The Guardian is running a poll to find out who Labour's all-time heroes are.
The shortlist was drawn up by MPs - frankly it doesn't say much for the grasp of Labour history of the PLP, which appears to be superficial and romantic to say the least. They've come up with Clem Attlee, Nye Bevan, Keir Hardie and Barbara Castle.
I would grudgingly accept Attlee, though he was about the 6th or 7th most talented person in his own Cabinet, and stayed on far too long after defeat in 1951 in a sour attempt to block Morrison as his successor.
Bevan's creation of the NHS ought to be cancelled out by his subsequent record of nutty leftist sectarianism which helped keep us out of power for most of the '50s and was so extreme he was temporarily kicked out of the PLP. I am frankly shocked that Ed Balls is speaking in his favour at the Guardian's debate at conference.

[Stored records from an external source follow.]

lemma card_fwd_arcs_ge:
  assumes "G \<in> Omega"
  shows "Mfree \<le> card (fwd_arcs G) + (2 * Jsum n d + 4 * Delta n d + (deg H2 u + deg H2 v) * Delta n d)"
proof -
  let ?X = "arcs (G - H1)"
  define Bs where "Bs = [{p \<in> ?X. fst p \<in> {u}}, {p \<in> ?X. fst p \<in> {v}},
    {p \<in> ?X. snd p \<in> {u}}, {p \<in> ?X. snd p \<in> {v}},
    {p \<in> ?X. fst p \<in> nbhd G u}, {p \<in> ?X. snd p \<in> nbhd G v},
    {p \<in> ?X. fst p \<in> nbhd H2 u}, {p \<in> ?X. snd p \<in> nbhd H2 v}]"
  have "?X \<subseteq> fwd_arcs G \<union> \<Union> (set Bs)"
    unfolding fwd_arcs_def Bs_def nbhd_def by auto
  then have "card ?X \<le> card (fwd_arcs G) + (\<Sum>B\<leftarrow>Bs. card B)"
    by (rule card_le_card_plus_cover) (auto simp: fwd_arcs_def Bs_def)
  also have "(\<Sum>B\<leftarrow>Bs. card B) \<le> 2 * Jsum n d + 4 * Delta n d + (deg H2 u + deg H2 v) * Delta n d"
    unfolding Bs_def
    using card_free_arcs_at_vertex_le[OF assms u_in] card_free_arcs_at_vertex_le[OF assms v_in]
      card_free_arcs_at_nbhd_le[OF assms u_in] card_free_arcs_at_nbhd_le[OF assms v_in]
      card_free_arcs_at_nbhd_H2_le[OF assms, of u] card_free_arcs_at_nbhd_H2_le[OF assms, of v]
    by (simp add: algebra_simps)
  finally show ?thesis using card_free_arcs[OF assms] by simp
qed

lemma fwd_switch_into_Omega_nonedge:
  assumes "G \<in> Omega_edge" "(a, b) \<in> fwd_arcs G"
  shows "switch {{u, v}, {a, b}} {{u, a}, {v, b}} G \<in> Omega_nonedge" (is "?G' \<in> _")
    and "(a, b) \<in> free_nbhd_pairs (switch {{u, v}, {a, b}} {{u, a}, {v, b}} G)"
proof -
  have G: "G \<in> Omega" "{u, v} \<in> G" using assms(1) unfolding Omega_edge_def by auto
  have ab: "{a, b} \<in> G - H1" "a \<notin> {u, v}" "b \<notin> {u, v}" "{u, a} \<notin> G \<union> H2" "{v, b} \<notin> G \<union> H2"
    using assms(2) unfolding fwd_arcs_def arcs_def by auto
  have "a \<in> {1..n}" "b \<in> {1..n}" "a \<noteq> b"
    using graph_on_edgeD[OF OmegaD(1)[OF G(1)]] ab(1) by auto
  have "?G' \<in> Omega"
  proof (rule switch_in_Omega[OF G(1)])
    show "{{u, v}, {a, b}} \<subseteq> G - H1" using G(2) ab(1) uv_notin by auto
    show "{{u, a}, {v, b}} \<inter> (G \<union> H2) = {}" using ab(4,5) by auto
    show "{{u, a}, {v, b}} \<subseteq> all_edges n"
      unfolding all_edges_def using u_in v_in \<open>a \<in> {1..n}\<close> \<open>b \<in> {1..n}\<close> ab(2,3) by blast
    show "deg {{u, v}, {a, b}} i = deg {{u, a}, {v, b}} i" for i
      using ab(2,3) u_neq_v \<open>a \<noteq> b\<close> by (auto simp: deg_insert deg_empty doubleton_eq_iff)
  qed
  moreover have "{u, v} \<notin> ?G'"
    using ab(2,3) u_neq_v unfolding switch_def by (auto simp: doubleton_eq_iff)
  ultimately show "?G' \<in> Omega_nonedge" unfolding Omega_nonedge_def by simp
  have "{u, a} \<in> ?G' - H1" "{v, b} \<in> ?G' - H1"
    using ab(4,5) OmegaD(4)[OF G(1)] unfolding switch_def by auto
  then show "(a, b) \<in> free_nbhd_pairs ?G'" unfolding free_nbhd_pairs_def nbhd_def by simp
qed

lemma card_Omega_edge_le:
  "real (card Omega_edge)
     * (real Mfree - real (2 * Jsum n d + 4 * Delta n d + (deg H2 u + deg H2 v) * Delta n d))
   \<le> real (card Omega_nonedge) * real ((d u - deg H1 u) * (d v - deg H1 v))"
proof -
  let ?R = "\<lambda>(a, b). {{u, v}, {a, b}}" and ?A = "\<lambda>(a, b). {{u, a}, {v, b}}"
  let ?f = "\<lambda>(G, l). (switch (?R l) (?A l) G, id l)"
  have inj: "inj_on ?f (Sigma Omega_edge fwd_arcs)"
    by (rule inj_on_switch) (auto simp: Omega_edge_def fwd_arcs_def arcs_def split: prod.splits)
  have img: "?f ` Sigma Omega_edge fwd_arcs \<subseteq> Sigma Omega_nonedge free_nbhd_pairs"
    using fwd_switch_into_Omega_nonedge by auto
  have fin: "finite Omega_edge" "finite Omega_nonedge"
    using finite_Omega unfolding Omega_edge_def Omega_nonedge_def by simp_all
  have fin_Q: "finite (free_nbhd_pairs G)" if "G \<in> Omega_nonedge" for G
    using that finite_nbhd[OF graph_on_free]
    unfolding Omega_nonedge_def free_nbhd_pairs_def by simp
  have lower: "real Mfree - real (2 * Jsum n d + 4 * Delta n d + (deg H2 u + deg H2 v) * Delta n d)
      \<le> real (card (fwd_arcs G))" if "G \<in> Omega_edge" for G
  proof -
    have "G \<in> Omega" using that unfolding Omega_edge_def by simp
    from card_fwd_arcs_ge[OF this] show ?thesis by (simp only: of_nat_add[symmetric] of_nat_le_iff)
  qed
  have upper: "real (card (free_nbhd_pairs G)) \<le> real ((d u - deg H1 u) * (d v - deg H1 v))"
    if "G \<in> Omega_nonedge" for G
    using card_free_nbhd_pairs[of G] that unfolding Omega_nonedge_def by simp
  show ?thesis by (rule card_le_by_switching[OF fin fin_Q inj img lower upper])
qed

Castle was never more than a middle-ranking figure in the Wilson governments, and to my mind memorable for her slavish support for Wilson himself (not a recommendation) and completely inept handling of the unions over "In Place of Strife".

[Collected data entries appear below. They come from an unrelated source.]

(* Let $\Lambda_1,\Lambda_2,\Gamma$ be $k$-graphs and for $i=1,2$ let $\phi_i:\Gamma\to\Lambda_i$ be an injective $k$-graph morphism such that either $\phi_i(\Gamma)$ is hereditary in $\Lambda_i$ for both $i=1,2$, or $\phi_i(\Gamma)$ is co-hereditary in $\Lambda_i$ for both $i=1,2$. Let $\sim_\phi$ be the smallest equivalence relation on the disjoint union $\Lambda_1\sqcup\Lambda_2$ such that $\phi_1(\gamma)\sim_\phi\phi_2(\gamma)$ for all $\gamma\in\Gamma$. Then $\sim_\phi$ satisfies the following four properties (and hence $(\Lambda_1\sqcup\Lambda_2)/{\sim_\phi}$ is a $k$-graph with the induced structure maps): (1) if $\mu \sim_\phi \nu$ then $d(\mu) = d(\nu)$; (2) if $\alpha \sim_\phi \alpha'$, $\beta \sim_\phi \beta'$, $r(\beta) = s(\alpha)$ and $r(\beta') = s(\alpha')$, then $\alpha\beta \sim_\phi \alpha'\beta'$; (3) if $\alpha\beta \sim_\phi \alpha'\beta'$ and $d(\alpha) = d(\alpha')$, then $\alpha \sim_\phi \alpha'$ and $\beta \sim_\phi \beta'$; (4) if $s(\alpha) \sim_\phi r(\beta)$, then there exist $\alpha'\sim_\phi\alpha$ and $\beta'\sim_\phi\beta$ with $s(\alpha') = r(\beta')$.
   Context: A $k$-graph is a countable small category $\Lambda$ with a functor $d:\Lambda\to\mathbb{N}^k$ such that, writing $\Lambda^n=d^{-1}(n)$, for all $m,n\in\mathbb{N}^k$ composition is a bijection from $\{(\mu,\nu)\in\Lambda^m\times\Lambda^n: s(\mu)=r(\nu)\}$ onto $\Lambda^{m+n}$; vertices $\Lambda^0$ are identified with identity morphisms, and $r,s$ are range and source maps. A $k$-graph morphism is a degree-preserving functor. The disjoint union of two $k$-graphs is a $k$-graph in the obvious way. For $v\in\Lambda^0$ and $X\subseteq\Lambda$ write $vX=\{\lambda\in X: r(\lambda)=v\}$, $Xv=\{\lambda\in X:s(\lambda)=v\}$, and for $V\subseteq\Lambda^0$, $V\Lambda=r^{-1}(V)$, $\Lambda V=s^{-1}(V)$. A subgraph $\Gamma'\subseteq\Lambda$ is hereditary if $\Gamma'=\Gamma'^0\Lambda$ and co-hereditary if $\Gamma'=\Lambda\Gamma'^0$. *)

theory Defs
  imports Main "HOL-Library.Countable_Set"
begin

text \<open>A k-graph presented as a small category whose morphisms form the set Mor,
  with identity morphisms playing the role of vertices, range/source maps,
  a (partial) composition (only meaningful on composable pairs) and a degree
  functor into N^k, where N^k is represented as functions 'k => nat for a
  finite (nonempty) index type 'k with pointwise addition.\<close>

record ('a, 'k) kgraph =
  Mor :: "'a set"
  rng :: "'a \<Rightarrow> 'a"
  src :: "'a \<Rightarrow> 'a"
  comp :: "'a \<Rightarrow> 'a \<Rightarrow> 'a"
  deg :: "'a \<Rightarrow> 'k \<Rightarrow> nat"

Hardie's inclusion I think is just people coming up with a name from so far back in the mists of time that it's a cop-out option.
My shortlist would have been:
Herbert Morrison - built the organisation and ran the campaign that won us the 1945 landslide, and built much of London's social housing when he ran County Hall.
Ernest Bevin - founder of the TGWU and NATO.
Hugh Gaitskell - saw off Bevan's loopy followers to save Labour in the '50s.
Neil Kinnock - saw off Benn and Militant to save Labour in the '80s.
Tony Blair - won three general elections.